Queen hitch

Rachel Getting Married

Is yours imported? From Cherbourg?

Is yours imported? From Cherbourg?

Rated 4.0

Before deciding whether or not to see Rachel Getting Married, be advised that it completes Anne Hathaway’s transition from Disney princess to drama queen. This is not a grievance: Hathaway knows what she’s doing here, and it’s a pleasure to watch, even when it’s painful to watch.

As the movie begins, what she’s doing are trite introductory ministrations. She smokes. She viciously quips. She darts her saucer eyes. If at first Hathaway doesn’t seem authentically ravaged enough for her role—as Kym, an addict on a weekend furlough from rehab to attend and inevitably disrupt her older sister’s wedding—there is at least the unnerving sense that it’ll only be a matter of time. In movies and in life, the engine of all family-function drama is anticipation.

What Hathaway understands remarkably well is Kym’s wounded soul. Though still a very young woman, she’s tormented by an old, tragedy-induced grief (it involves the death of a child) and exasperated to think that she’ll always be its captive. Her family is exasperated, too, to think that Kym’s recovery will be just as demanding as the early manifestations of her addiction. She got messed up on booze and drugs, but the substance Kym most craves and abuses is attention.

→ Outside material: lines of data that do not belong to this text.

lemma set_borel_measurable_compose_zero:
  fixes F :: "real \<Rightarrow> 'a::real_normed_vector" and h :: "'a \<Rightarrow> 'b::real_normed_vector"
  assumes F: "set_borel_measurable lborel S F" and h: "continuous_on UNIV h" "h 0 = 0"
  shows "set_borel_measurable lborel S (\<lambda>s. h (F s))"
proof -
  have "(\<lambda>s. h (indicator S s *\<^sub>R F s)) \<in> borel_measurable lborel"
    using F unfolding set_borel_measurable_def
    by (rule measurable_compose[OF _ borel_measurable_continuous_onI[OF h(1)]])
  moreover have "h (indicator S s *\<^sub>R F s) = indicator S s *\<^sub>R h (F s)" for s
    using h(2) by (simp add: indicator_def)
  ultimately show ?thesis unfolding set_borel_measurable_def by simp
qed

lemma sq_integrable_mult:
  assumes f: "sq_integrable f" and \<phi>: "continuous_on UNIV \<phi>"
    and bound: "\<And>s. s \<in> {-1..0::real} \<Longrightarrow> cmod (\<phi> s) \<le> 1"
  shows "sq_integrable (\<lambda>s. \<phi> s * f s)"
  unfolding sq_integrable_def
proof
  show meas: "set_borel_measurable lborel {-1..0} (\<lambda>s. \<phi> s * f s)"
    using f \<phi> unfolding sq_integrable_def by (blast intro: set_borel_measurable_continuous_mult)
  show "set_integrable lborel {-1..0::real} (\<lambda>s. (cmod (\<phi> s * f s))^2)"
  proof (rule set_integrable_bound[where f="\<lambda>s. (cmod (f s))^2"])
    show "set_integrable lborel {-1..0::real} (\<lambda>s. (cmod (f s))^2)"
      using f by (simp add: sq_integrable_def)
    show "set_borel_measurable lborel {-1..0} (\<lambda>s. (cmod (\<phi> s * f s))^2)"
      by (rule set_borel_measurable_compose_zero[OF meas, of "\<lambda>w. (cmod w)^2"])
         (auto intro!: continuous_intros)
    show "AE x in lborel. x \<in> {-1..0} \<longrightarrow> norm ((cmod (\<phi> x * f x))^2) \<le> norm ((cmod (f x))^2)"
      using bound by (intro AE_I2) (simp add: norm_mult power_mono mult_left_le_one_le)
  qed
qed

lemma sq_integrable_cnj:
  assumes "sq_integrable f" shows "sq_integrable (\<lambda>s. cnj (f s))"
  using assms set_borel_measurable_compose_zero[of "{-1..0}" f cnj]
  unfolding sq_integrable_def by (simp add: continuous_intros)

lemma integral_against_exp_perturbation:
  assumes f: "set_integrable lborel {-1..0::real} f"
    and E: "continuous_on UNIV E" "\<And>s. cmod (E s) = 1" and w: "cmod w \<le> 1"
  shows "cmod (integral_against (\<lambda>s. (exp (w * of_real s) - 1) * E s) f)
    \<le> 2 * cmod w * (LINT s:{-1..0::real}|lborel. cmod (f s))"
proof (rule integral_against_bound[OF f])
  show "continuous_on UNIV (\<lambda>s. (exp (w * complex_of_real s) - 1) * E s)"
    by (intro continuous_intros E)
  fix s :: real assume s: "s \<in> {-1..0}"
  have ws: "cmod (w * of_real s) \<le> cmod w" by (rule norm_mult_unit_interval[OF s])
  have "cmod (exp (w * of_real s) - 1)
      \<le> cmod (exp (w * of_real s) - 1 - w * of_real s) + cmod (w * of_real s)"
    by (rule order.trans[OF _ norm_triangle_ineq]) simp
  also have "\<dots> \<le> (cmod (w * of_real s))^2 + cmod (w * of_real s)"
    using ws w by (intro add_mono exp_minus_one_minus_id_bound) auto
  also have "\<dots> \<le> cmod w + cmod w"
    using ws w by (intro add_mono) (auto simp: power2_eq_square intro: order_trans[OF mult_left_le_one_le])
  finally show "cmod ((exp (w * of_real s) - 1) * E s) \<le> 2 * cmod w"
    by (simp add: norm_mult E(2))
qed

(* Writing
   e^{z_j s} = e^{2 pi i k_j s} e^{i theta s} e^{w_j s}, this is a Fourier coefficient of
   e^{i theta s} f(s) plus a perturbation of size O(|w_j|). *)
lemma riemann_lebesgue:
  assumes f: "sq_integrable f" and kk: "filterlim kk cofinite F"
    and z: "((\<lambda>j. z j - \<i> * complex_of_real (\<theta> + 2 * pi * real_of_int (kk j))) \<longlongrightarrow> 0) F"
  shows "((\<lambda>j. laplace f (z j)) \<longlongrightarrow> 0) F"
proof -
  have fi: "set_integrable lborel {-1..0::real} f" using f by (rule sq_integrable_imp_integrable)
  define g where "g s = exp (\<i> * complex_of_real (\<theta> * s)) * f s" for s
  have g: "sq_integrable g" unfolding g_def
    by (rule sq_integrable_mult[OF f]) (auto intro!: continuous_intros simp only: norm_exp_i_times)
  define W where "W j = z j - \<i> * complex_of_real (\<theta> + 2 * pi * real_of_int (kk j))" for j
  define E where "E j s = exp (\<i> * complex_of_real ((\<theta> + 2 * pi * real_of_int (kk j)) * s))" for j s
  have contE: "continuous_on UNIV (E j)" for j unfolding E_def by (intro continuous_intros)
  have normE: "cmod (E j s) = 1" for j s unfolding E_def by (simp only: norm_exp_i_times)
  have split: "laplace f (z j) = fourier_coeff g (kk j)
      + integral_against (\<lambda>s. (exp (W j * of_real s) - 1) * E j s) f" for j
  proof -
    have "exp (z j * of_real s) = E j s + (exp (W j * of_real s) - 1) * E j s" for s
      by (simp add: W_def E_def algebra_simps exp_add[symmetric])
    then have "laplace f (z j) = integral_against (E j) f
        + integral_against (\<lambda>s. (exp (W j * of_real s) - 1) * E j s) f"
      unfolding laplace_def by (simp add: integral_against_add[OF fi contE] continuous_intros contE)
    moreover have "fourier_mode (kk j) s * g s = E j s * f s" for s
      by (simp add: fourier_mode_def g_def E_def algebra_simps exp_add[symmetric])
    then have "fourier_coeff g (kk j) = integral_against (E j) f"
      by (simp add: fourier_coeff_def integral_against_def)
    ultimately show ?thesis by simp
  qed
  have "((\<lambda>j. fourier_coeff g (kk j)) \<longlongrightarrow> 0) F"
    using filterlim_compose[OF fourier_coeff_tendsto_zero[OF g] kk] .
  moreover have "((\<lambda>j. integral_against (\<lambda>s. (exp (W j * of_real s) - 1) * E j s) f) \<longlongrightarrow> 0) F"
  proof (rule Lim_null_comparison)
    have W0: "(W \<longlongrightarrow> 0) F" using z unfolding W_def .
    then show "((\<lambda>j. 2 * cmod (W j) * (LINT s:{-1..0::real}|lborel. cmod (f s))) \<longlongrightarrow> 0) F"
      by (intro tendsto_mult_left_zero tendsto_mult_right_zero tendsto_norm_zero)
    have "eventually (\<lambda>j. cmod (W j) < 1) F" using W0 by (auto dest: tendstoD[of _ _ _ 1])
    then show "eventually (\<lambda>j. norm (integral_against (\<lambda>s. (exp (W j * of_real s) - 1) * E j s) f)
        \<le> 2 * cmod (W j) * (LINT s:{-1..0::real}|lborel. cmod (f s))) F"
      by eventually_elim (rule integral_against_exp_perturbation[OF fi contE normE], simp)
  qed
  ultimately have "((\<lambda>j. fourier_coeff g (kk j)
      + integral_against (\<lambda>s. (exp (W j * of_real s) - 1) * E j s) f) \<longlongrightarrow> 0 + 0) F"
    by (rule tendsto_add)
  then show ?thesis unfolding split by simp
qed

With that, plus a few therapeutic platitudes in mind, she is pleased to point out that her sister (Rosemarie DeWitt) has food issues, her father (Bill Irwin) has trust issues, her mother (Debra Winger) has parenting issues and, in a rambling rehearsal-dinner toast, that she herself has issue issues. This marvelous little monologue—arcing so nimbly from desperate to spiteful to cringe-inducingly solicitous to weary to fumblingly openhearted and ultimately sympathetic—probably will be Hathaway’s Oscar clip.

Some credit should go to debut screenwriter Jenny Lumet (the daughter of director Sidney), too. If Lumet’s sometimes overcooked drama becomes a bother, it’s only because she’s otherwise so humanely, unaffectedly perceptive. When an impromptu dishwasher-loading contest between the groom and the bride’s father turns up a trigger of a painful memory, it seems flimsy and cheap. But when Rachel calculatedly blurts an announcement of her pregnancy to win a fight with Kym, the emotional complexity of the moment is profound and devastating. These characters know how to drive their own movie; they don’t need any nudging.

Which of course is why director Jonathan Demme had it in mind, as he told The New York Times recently: to shoot Rachel Getting Married as “the most beautiful home movie ever made,” with Declan Quinn’s hand-held, hi-def-video cinematography just aesthetically stripped-down enough to impart the needed aura of intimacy and immediacy.

It also helps that the movie is so superbly cast. As the weekend is not just about Kym, the appeal not just about Hathaway; everyone in the family delivers an irreplaceable-seeming performance, without ever stealing the show. Winger in particular, who’s been away from movies for a while, makes an auspicious, shrewd return. And even relative supporting players, like Tunde Adebimpe as the groom, and Mather Zickel as the best man and a fellow 12-stepper whom Kym impulsively beds, tend toward gracious, understated vitality.

Yes, that is TV on the Radio frontman Tunde Adebimpe. Be advised, too, that Demme, who excels at concert documentaries, also makes an excuse of this movie’s central occasion—a well-funded, racially harmonious multiculti fantasy, as it turns out—to fill it up with all sorts of musicians and gather great footage of them performing. The results are hip and seductive.

In fact, as the story jitters and meanders along, it becomes clear that even the dysfunction is tasteful. Rachel Getting Married was shot and is nonspecifically set in the leafy and lovely suburb of Stamford, Conn., where movies apparently martyr young children to the cause of genteel family drama regularly (see also Reservation Road). And, although arguably less cautious of indulgence and melodrama than writer-director Noah Baumbach’s similarly plotted Margot at the Wedding, Lumet and Demme’s film is more genial.

What matters in this case is how the movie compares not to other movies but to life. That’s how it gets under the skin and why it’s a breakthrough for Hathaway, who so skillfully evokes the paradoxically comforting and dissociating regression of returning to a messy nest.